You could spend a lifetime putting together all the various puzzles regarding prehistory, the mysteries of today, and how the Bible plays a part in it all. Like most books, it only captures one point of view in a very specific timeframe. But unlike most books, it covers exact references to a family line of descendants over many thousands of years to conduct a particular experiment on the nature of good versus evil and essentially the struggle of Yahweh against the primal nature of all people to worship Baal. This is where western civilization starts, and eastern religions separate themselves, leading to globalism’s primary struggle today, how to merge these two radical forces, which is absolutely impossible. In a world where communist China is being used to sell globalism through corporate control, this issue of Baal is persistently a problem, the worship of the forces of nature and submission to it, as opposed to the western view of conquering nature and using it as a tool for human advancement. The essential problem is what the Bible is about. The Old Testament is a chronicle of this struggle and the ramifications of failure to adhere to it. That’s why I love the Bible because nothing else ever done in literature has really attempted to solve this problem of evil.  Other attempts have tried to define it, but they do very little to solve it.  Are all the worshipers of Baal evil? Why is Yahweh so jealous of Baal, to the point that he would destroy his own people by turning to Baal for worship? I would say that Yahweh was a rebel, a fighter who was trying to free people from the clutches of an ancient problem, one that persisted for many millions of years, the worship of nature to the detriment of human development. Once people started listening to God, the Yahweh of the Bible, then civilization lurched forward, and we have what is called in another book I love quite a lot, The 5000 Year Leap, by Cleon Skousen. 

I recently saw a lot of talk about satanic references, with a picture of three women at the Golden Globes dressed in bizarre outfits. As I’ve pointed out, Satan doesn’t appear in the Bible until 1 Chronicles 21:1, nearly halfway through the text, and when he appears, he’s a kind of census taker. I’m sure there is a lot more to that story somewhere. But the villain of the Bible is Baal, and the plot device is escaping from its rule, which looks to have been around well before the events of the Bible. Much of the modern “satanic” worship referenced is actually humanity’s lazy trend to continue worshiping Baal. Its Baal worship that is essentially behind climate change and is the religion of globalism, especially from the point of view of the communist Chinese. They call their gods by different names, but the nature worship aspect of merging light and darkness as a kind of balance stands opposed to light conquering darkness; that is the message of the Bible. And the two are not compatible. They cannot coexist as the bumper stickers indicate. And to avoid the conflict, you can’t just throw out all religion, which has been the weapon of choice of those globalist-minded.

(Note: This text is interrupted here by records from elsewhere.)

lemma sum_sq_diff_Xi_inv_moment:
  assumes C: "C \<in> CSH n"
  shows "6 * (\<Sum>i\<in>{1..n}. \<Sum>j\<in>{1..n}. (int i - int j)^2 * (int n - (\<Sum>k\<in>{1..n}. int k * Xi_inv C i j k)))
     = int n ^ 2 * (int n - 1) ^ 2 * (2 * int n - 1) - 12 * interior_sum n C"
proof -
  define B where "B i j k = C i j k - C (i - 1) j k - C i (j - 1) k + C (i - 1) (j - 1) k" for i j k
  define Sq where "Sq = (\<Sum>i\<in>{1..n}. int i ^ 2)"
  have slice: "(\<Sum>i\<in>{1..n}. \<Sum>j\<in>{1..n}. (int i - int j)^2 * B i j k)
      = 2 * int k * Sq - 2 * int n ^ 2 * int k - 2 * (\<Sum>i\<in>{1..<n}. \<Sum>j\<in>{1..<n}. C i j k)"
    if "k \<in> {1..<n}" for k
    unfolding B_def Sq_def
    by (rule sum_sq_diff_mixed_diff) (use CSH_zero_faces[OF C] CSH_top_faces[OF C] that in auto)
  have "(\<Sum>i\<in>{1..n}. \<Sum>j\<in>{1..n}. (int i - int j)^2 * (int n - (\<Sum>k\<in>{1..n}. int k * Xi_inv C i j k)))
      = (\<Sum>i\<in>{1..n}. \<Sum>j\<in>{1..n}. \<Sum>k\<in>{1..<n}. (int i - int j)^2 * B i j k)"
  proof (intro sum.cong refl)
    fix i j
    assume ij: "i \<in> {1..n}" "j \<in> {1..n}"
    show "(int i - int j)^2 * (int n - (\<Sum>k\<in>{1..n}. int k * Xi_inv C i j k))
        = (\<Sum>k\<in>{1..<n}. (int i - int j)^2 * B i j k)"
      unfolding Xi_inv_moment[OF C ij] by (simp add: B_def sum_distrib_left)
  qed
  also have "\<dots> = (\<Sum>i\<in>{1..n}. \<Sum>k\<in>{1..<n}. \<Sum>j\<in>{1..n}. (int i - int j)^2 * B i j k)"
    by (rule sum.cong[OF refl], rule sum.swap)
  also have "\<dots> = (\<Sum>k\<in>{1..<n}. \<Sum>i\<in>{1..n}. \<Sum>j\<in>{1..n}. (int i - int j)^2 * B i j k)"
    by (rule sum.swap)
  also have "\<dots> = (\<Sum>k\<in>{1..<n}. (2 * Sq - 2 * int n ^ 2) * int k - 2 * (\<Sum>i\<in>{1..<n}. \<Sum>j\<in>{1..<n}. C i j k))"
  proof (rule sum.cong[OF refl])
    fix k
    assume "k \<in> {1..<n}"
    then show "(\<Sum>i\<in>{1..n}. \<Sum>j\<in>{1..n}. (int i - int j)^2 * B i j k)
        = (2 * Sq - 2 * int n ^ 2) * int k - 2 * (\<Sum>i\<in>{1..<n}. \<Sum>j\<in>{1..<n}. C i j k)"
      unfolding slice[OF \<open>k \<in> {1..<n}\<close>] by (simp add: algebra_simps)
  qed
  also have "\<dots> = (2 * Sq - 2 * int n ^ 2) * (\<Sum>k\<in>{1..<n}. int k) - 2 * interior_sum n C"
    unfolding interior_sum_cartesian sum_subtractf sum_distrib_left[symmetric]
    by (simp add: sum.cartesian_product) (rule sum.reindex_bij_witness[of _ "\<lambda>(i, j, k). (k, i, j)" "\<lambda>(k, i, j). (i, j, k)"]; auto)
  finally show ?thesis
    using six_sum_squares_int[of n] double_sum_Ico_1_int[of n] unfolding Sq_def[symmetric]
    by algebra
qed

It can all get very confusing, especially if you listen to the authority figures. So if you need to get your bearings, I would suggest rereading the Bible, or for the first time, and getting your mind wrapped around the struggle. Because of all the great things that have happened in history, the essential conflict that we are all still engaged in is this fight between Yahweh and Baal. The battle between human progress and yielding to the forces of nature. And that fight is literally in everything we do. So, understanding it will help your life a lot. Simply put, the path to evil is in the lazy; the worship of Baal comes from those too lazy to do for themselves and hope that nature will give them a way out of personal responsibility. And good, as the Bible defines it, is in self-responsibility and assertiveness to do good in the world by leading a productive life toward the aims of creation.